BEGIN Supplied data

(* Let $H\in(0,1)$, $T=1$, $\mathbb{T}=[0,1]$, $N=2^{n_0}$ with $n_0\in\mathbb{N}$, and $\mathbb{T}_N=\{jN^{-1}: j=0,\dots,N\}$. Let $(A_\ell,\ell\in\mathbb{N}_0)$, $A_\ell\ge0$, satisfy $A_\ell\le C\ell^{-\alpha}$ for all $\ell>\ell_0$, for some $C>0$, $\ell_0\in\mathbb{N}$, $\alpha>2$. Let $(\beta^H_{\ell,m})$ be independent real-valued fractional Brownian motions with Hurst parameter $H$ and, for $\mu\in\mathbb{N}$, let $\beta^{H,\mu}_{\ell,m}$ be processes on $\mathbb{T}_N$ (the conditionalized random midpoint displacement approximations of $\beta^H_{\ell,m}$) satisfying, for some constants $C'>0$ and $r_H>0$ independent of $\ell,m,\mu$, $$\sup_{t\in\mathbb{T}_N}\|\beta^{H,\mu}_{\ell,m}(t)-\beta^H_{\ell,m}(t)\|_{L^2(\Omega)}\le C'\mu^{-r_H}.$$ Define, for $\kappa\in\mathbb{N}$, $$B_Q^H(t)=\sum_{\ell=0}^\infty\sum_{m=-\ell}^{\ell}\sqrt{A_\ell}\,\beta^H_{\ell,m}(t)Y_{\ell,m},\qquad B_Q^{H,\kappa,\mu}(t)=\sum_{\ell=0}^\kappa\sum_{m=-\ell}^{\ell}\sqrt{A_\ell}\,\beta^{H,\mu}_{\ell,m}(t)Y_{\ell,m}.$$ Then there is a constant $\tilde C$ such that for all $\kappa\ge\ell_0$, $$\sup_{t\in\mathbb{T}_N}\|B_Q^H(t)-B_Q^{H,\kappa,\mu}(t)\|_{L^2(\Omega;L^2(\mathbb{S}^2))}\le \tilde C\big(\kappa^{-(\alpha-2)/2}+\sqrt{\operatorname{tr}Q}\,\mu^{-r_H}\big).$$
   Context: $\mathbb{S}^2$ is the unit sphere in $\mathbb{R}^3$; $(Y_{\ell,m})$ are the real-valued spherical harmonics (orthonormal basis of $L^2(\mathbb{S}^2)$); a real-valued fractional Brownian motion with Hurst parameter $H$ is a continuous centered Gaussian process with covariance $\frac12(t^{2H}+s^{2H}-|t-s|^{2H})$. $Q$ is the covariance operator $QY_{\ell,m}=A_\ell Y_{\ell,m}$ with trace $\operatorname{tr}Q=\sum_{\ell\ge0}(2\ell+1)A_\ell$. *)

theory Defs
  imports "HOL-Probability.Probability"
begin

definition sph :: "real \<times> real \<Rightarrow> real \<times> real \<times> real" where
  "sph = (\<lambda>(\<theta>, \<phi>). (sin \<theta> * cos \<phi>, sin \<theta> * sin \<phi>, cos \<theta>))"

definition sphere_measure :: "(real \<times> real \<times> real) measure" where
  "sphere_measure =
     distr (density (lborel \<Otimes>\<^sub>M lborel)
              (\<lambda>(\<theta>, \<phi>). ennreal (indicator ({0..pi} \<times> {0..<2*pi}) (\<theta>, \<phi>) * sin \<theta>)))
           borel sph"

definition sph_ONB :: "(nat \<Rightarrow> int \<Rightarrow> real \<times> real \<times> real \<Rightarrow> real) \<Rightarrow> bool" where
  "sph_ONB Y \<longleftrightarrow>
     (\<forall>l m. Y l m \<in> borel_measurable sphere_measure) \<and>
     (\<forall>l m l' m'. \<bar>m\<bar> \<le> int l \<longrightarrow> \<bar>m'\<bar> \<le> int l' \<longrightarrow>
         integrable sphere_measure (\<lambda>x. Y l m x * Y l' m' x) \<and>
         (\<integral>x. Y l m x * Y l' m' x \<partial>sphere_measure) = (if l = l' \<and> m = m' then 1 else 0)) \<and>
     (\<forall>f. f \<in> borel_measurable sphere_measure \<longrightarrow> integrable sphere_measure (\<lambda>x. (f x)\<^sup>2) \<longrightarrow>
         (\<forall>l m. \<bar>m\<bar> \<le> int l \<longrightarrow> (\<integral>x. f x * Y l m x \<partial>sphere_measure) = 0) \<longrightarrow>
         (AE x in sphere_measure. f x = 0))"

definition centered_gaussian_rv :: "'a measure \<Rightarrow> ('a \<Rightarrow> real) \<Rightarrow> bool" where
  "centered_gaussian_rv M X \<longleftrightarrow> X \<in> borel_measurable M \<and>
     ((AE \<omega> in M. X \<omega> = 0) \<or> (\<exists>s>0. distributed M lborel X (normal_density 0 s)))"

definition fBm :: "'a measure \<Rightarrow> real \<Rightarrow> (real \<Rightarrow> 'a \<Rightarrow> real) \<Rightarrow> bool" where
  "fBm M H X \<longleftrightarrow>
     (\<forall>t\<in>{0..1}. X t \<in> borel_measurable M) \<and>
     (\<forall>\<omega>\<in>space M. continuous_on {0..1} (\<lambda>t. X t \<omega>)) \<and>
     (\<forall>(n::nat) (c::nat \<Rightarrow> real) (ts::nat \<Rightarrow> real). (\<forall>i<n. ts i \<in> {0..1}) \<longrightarrow>
         centered_gaussian_rv M (\<lambda>\<omega>. \<Sum>i<n. c i * X (ts i) \<omega>)) \<and>
     (\<forall>s\<in>{0..1}. \<forall>t\<in>{0..1}. integrable M (\<lambda>\<omega>. X s \<omega> * X t \<omega>) \<and>
         (\<integral>\<omega>. X s \<omega> * X t \<omega> \<partial>M) = (t powr (2*H) + s powr (2*H) - \<bar>t - s\<bar> powr (2*H)) / 2)"

definition L2_sq :: "'a measure \<Rightarrow> ('a \<Rightarrow> real \<times> real \<times> real \<Rightarrow> real) \<Rightarrow> ennreal" where
  "L2_sq M F = (\<integral>\<^sup>+\<omega>. (\<integral>\<^sup>+x. ennreal ((F \<omega> x)\<^sup>2) \<partial>sphere_measure) \<partial>M)"

definition trunc_field ::
  "(nat \<Rightarrow> real) \<Rightarrow> (nat \<Rightarrow> int \<Rightarrow> real \<Rightarrow> 'a \<Rightarrow> real) \<Rightarrow> (nat \<Rightarrow> int \<Rightarrow> real \<times> real \<times> real \<Rightarrow> real)
    \<Rightarrow> nat \<Rightarrow> real \<Rightarrow> 'a \<Rightarrow> real \<times> real \<times> real \<Rightarrow> real" where
  "trunc_field A b Y L t \<omega> x =
     (\<Sum>l\<le>L. \<Sum>m\<in>{-int l..int l}. sqrt (A l) * b l m t \<omega> * Y l m x)"

definition trQ :: "(nat \<Rightarrow> real) \<Rightarrow> real" where
  "trQ A = (\<Sum>l. (2 * real l + 1) * A l)"

end

(*
  For L \<ge> \<kappa> the error B_L(t) - B^(\<kappa>,\<mu>)(t) is a finite expansion in the orthonormal
  system Y, so by Parseval its squared L2(\<Omega>; L2(S2)) norm is the sum of the second moments
  of its coefficients: A_l E (\<beta>^\<mu> - \<beta>)^2 \<le> A_l C'^2 \<mu>^(-2r) for l \<le> \<kappa>, and
  A_l E \<beta>(t)^2 = A_l t^(2H) \<le> A_l for l > \<kappa>. The first group sums to at most
  tr Q C'^2 \<mu>^(-2r); the second is a tail of \<Sum> (2l+1) A_l, whose terms are O(l^(1-\<alpha>)),
  and a telescoping mean-value estimate bounds it by O(\<kappa>^(2-\<alpha>)). The errors increase
  with L, hence converge to their supremum, and the bound passes to the limit.
*)

theory Submission
  imports Defs
begin

lemma powr_neg_diff_succ_ge:
  fixes s x :: real
  assumes "s > 0" "x > 0"
  shows "s * (x + 1) powr (-s - 1) \<le> x powr (-s) - (x + 1) powr (-s)"
proof -
  have "\<exists>z. x < z \<and> z < x + 1 \<and> (x + 1) powr (-s) - x powr (-s) = (x + 1 - x) * (-s * z powr (-s - 1))"
  proof (rule MVT2)
    fix y assume "x \<le> y"
    then show "((\<lambda>z. z powr (-s)) has_real_derivative -s * y powr (-s - 1)) (at y)"
      using assms by (intro has_real_derivative_powr) auto
  qed simp
  then obtain z where z: "x < z" "z < x + 1" "(x + 1) powr (-s) - x powr (-s) = -s * z powr (-s - 1)"
    by auto
  have "(x + 1) powr (-s - 1) \<le> z powr (-s - 1)"
    using assms z by (intro powr_mono2') auto
  then have "s * (x + 1) powr (-s - 1) \<le> s * z powr (-s - 1)"
    using assms by (intro mult_left_mono) auto
  then show ?thesis
    using z(3) by linarith
qed

lemma sum_powr_tail_le:
  fixes a :: real and k L :: nat
  assumes "a > 1" "k > 0"
  shows "(\<Sum>l\<in>{k<..L}. real l powr (-a)) \<le> real k powr (1 - a) / (a - 1)"
proof (cases "k \<le> L")
  case True
  then have "(\<Sum>l\<in>{k<..L}. real l powr (-a)) \<le> (real k powr (1 - a) - real L powr (1 - a)) / (a - 1)"
  proof (induction L rule: dec_induct)
    case (step L)
    have "(a - 1) * (real L + 1) powr (-(a - 1) - 1) \<le> real L powr (-(a - 1)) - (real L + 1) powr (-(a - 1))"
      using assms step by (intro powr_neg_diff_succ_ge) auto
    then have "real (Suc L) powr (-a) \<le> (real L powr (1 - a) - real (Suc L) powr (1 - a)) / (a - 1)"
      using assms by (simp add: field_simps add.commute)
    moreover have "{k<..Suc L} = insert (Suc L) {k<..L}"
      using step by auto
    ultimately show ?case
      using step by (simp add: diff_divide_distrib)
  qed simp
  also have "\<dots> \<le> real k powr (1 - a) / (a - 1)"
    using assms by (intro divide_right_mono) auto
  finally show ?thesis .
qed (use assms in simp)

lemma ex_LIMSEQ_le_if_mono_bounded_from:
  fixes F :: "nat \<Rightarrow> 'a::{complete_linorder, linorder_topology}"
  assumes "\<And>L L'. k \<le> L \<Longrightarrow> L \<le> L' \<Longrightarrow> F L \<le> F L'" "\<And>L. k \<le> L \<Longrightarrow> F L \<le> B"
  shows "\<exists>E. F \<longlonglongrightarrow> E \<and> E \<le> B"
proof (intro exI conjI)
  have "incseq (\<lambda>L. F (L + k))"
    using assms(1) by (auto simp: incseq_def)
  then show "F \<longlonglongrightarrow> (SUP L. F (L + k))"
    by (rule LIMSEQ_offset[OF LIMSEQ_SUP])
  show "(SUP L. F (L + k)) \<le> B"
    using assms(2) by (intro SUP_least) auto
qed

lemma sq_rate_combination_le:
  fixes x a u c K T :: real
  assumes "0 \<le> K" "0 \<le> T" "0 \<le> u" "0 \<le> c"
  shows "K * x powr a + T * (c * u)\<^sup>2 \<le> (max c (sqrt K) * (x powr (a / 2) + sqrt T * u))\<^sup>2"
proof -
  define Ct where "Ct = max c (sqrt K)"
  have "K = (sqrt K)\<^sup>2"
    using assms by simp
  also have "\<dots> \<le> Ct\<^sup>2"
    unfolding Ct_def using assms by (intro power_mono) auto
  finally have K: "K \<le> Ct\<^sup>2" .
  have c: "c\<^sup>2 \<le> Ct\<^sup>2"
    unfolding Ct_def using assms by (intro power_mono) auto
  have "K * x powr a + T * (c * u)\<^sup>2 = K * (x powr (a / 2))\<^sup>2 + c\<^sup>2 * (sqrt T * u)\<^sup>2"
    using assms by (simp add: power2_eq_square powr_add [symmetric] algebra_simps)
  also have "\<dots> \<le> Ct\<^sup>2 * (x powr (a / 2))\<^sup>2 + Ct\<^sup>2 * (sqrt T * u)\<^sup>2"
    using K c by (intro add_mono mult_right_mono) auto
  also have "\<dots> \<le> Ct\<^sup>2 * (x powr (a / 2))\<^sup>2 + Ct\<^sup>2 * (sqrt T * u)\<^sup>2 + 2 * Ct\<^sup>2 * (x powr (a / 2) * (sqrt T * u))"
    using assms by simp
  also have "\<dots> = (Ct * (x powr (a / 2) + sqrt T * u))\<^sup>2"
    by (simp add: power2_eq_square algebra_simps)
  finally show ?thesis
    unfolding Ct_def .
qed

lemma trQ_term_le_powr:
  fixes A :: "nat \<Rightarrow> real"
  assumes "0 \<le> A l" "A l \<le> C * real l powr (-\<alpha>)" "0 < l"
  shows "(2 * real l + 1) * A l \<le> 3 * C * real l powr (1 - \<alpha>)"
proof -
  have "(2 * real l + 1) * A l \<le> (3 * real l) * A l"
    using assms by (intro mult_right_mono) auto
  also have "\<dots> \<le> (3 * real l) * (C * real l powr (-\<alpha>))"
    using assms by (intro mult_left_mono) auto
  also have "\<dots> = 3 * C * real l powr (1 - \<alpha>)"
    using assms powr_add[of "real l" 1 "-\<alpha>"] by simp
  finally show ?thesis .
qed

lemma summable_trQ_terms:
  fixes A :: "nat \<Rightarrow> real"
  assumes "\<And>l. 0 \<le> A l" "\<And>l. l > l0 \<Longrightarrow> A l \<le> C * real l powr (-\<alpha>)" "\<alpha> > 2"
  shows "summable (\<lambda>l. (2 * real l + 1) * A l)"
proof (rule summable_comparison_test')
  show "summable (\<lambda>l. 3 * C * real l powr (1 - \<alpha>))"
    using assms by (intro summable_mult) (simp add: summable_real_powr_iff)
  show "norm ((2 * real l + 1) * A l) \<le> 3 * C * real l powr (1 - \<alpha>)" if "l \<ge> Suc l0" for l
    using trQ_term_le_powr[of A l] assms that by simp
qed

END Supplied data

§ What the task asks: Which lines above run from the one containing "using z(3) by linarith" to the one containing "L \<Longrightarrow> L"? Give them again exactly, both ends included.

§ Answer space:
    using z(3) by linarith
qed

lemma sum_powr_tail_le:
  fixes a :: real and k L :: nat
  assumes "a > 1" "k > 0"
  shows "(\<Sum>l\<in>{k<..L}. real l powr (-a)) \<le> real k powr (1 - a) / (a - 1)"
proof (cases "k \<le> L")
  case True
  then have "(\<Sum>l\<in>{k<..L}. real l powr (-a)) \<le> (real k powr (1 - a) - real L powr (1 - a)) / (a - 1)"
  proof (induction L rule: dec_induct)
    case (step L)
    have "(a - 1) * (real L + 1) powr (-(a - 1) - 1) \<le> real L powr (-(a - 1)) - (real L + 1) powr (-(a - 1))"
      using assms step by (intro powr_neg_diff_succ_ge) auto
    then have "real (Suc L) powr (-a) \<le> (real L powr (1 - a) - real (Suc L) powr (1 - a)) / (a - 1)"
      using assms by (simp add: field_simps add.commute)
    moreover have "{k<..Suc L} = insert (Suc L) {k<..L}"
      using step by auto
    ultimately show ?case
      using step by (simp add: diff_divide_distrib)
  qed simp
  also have "\<dots> \<le> real k powr (1 - a) / (a - 1)"
    using assms by (intro divide_right_mono) auto
  finally show ?thesis .
qed (use assms in simp)

lemma ex_LIMSEQ_le_if_mono_bounded_from:
  fixes F :: "nat \<Rightarrow> 'a::{complete_linorder, linorder_topology}"
  assumes "\<And>L L'. k \<le> L \<Longrightarrow> L \<le> L' \<Longrightarrow> F L \<le> F L'" "\<And>L. k \<le> L \<Longrightarrow> F L \<le> B"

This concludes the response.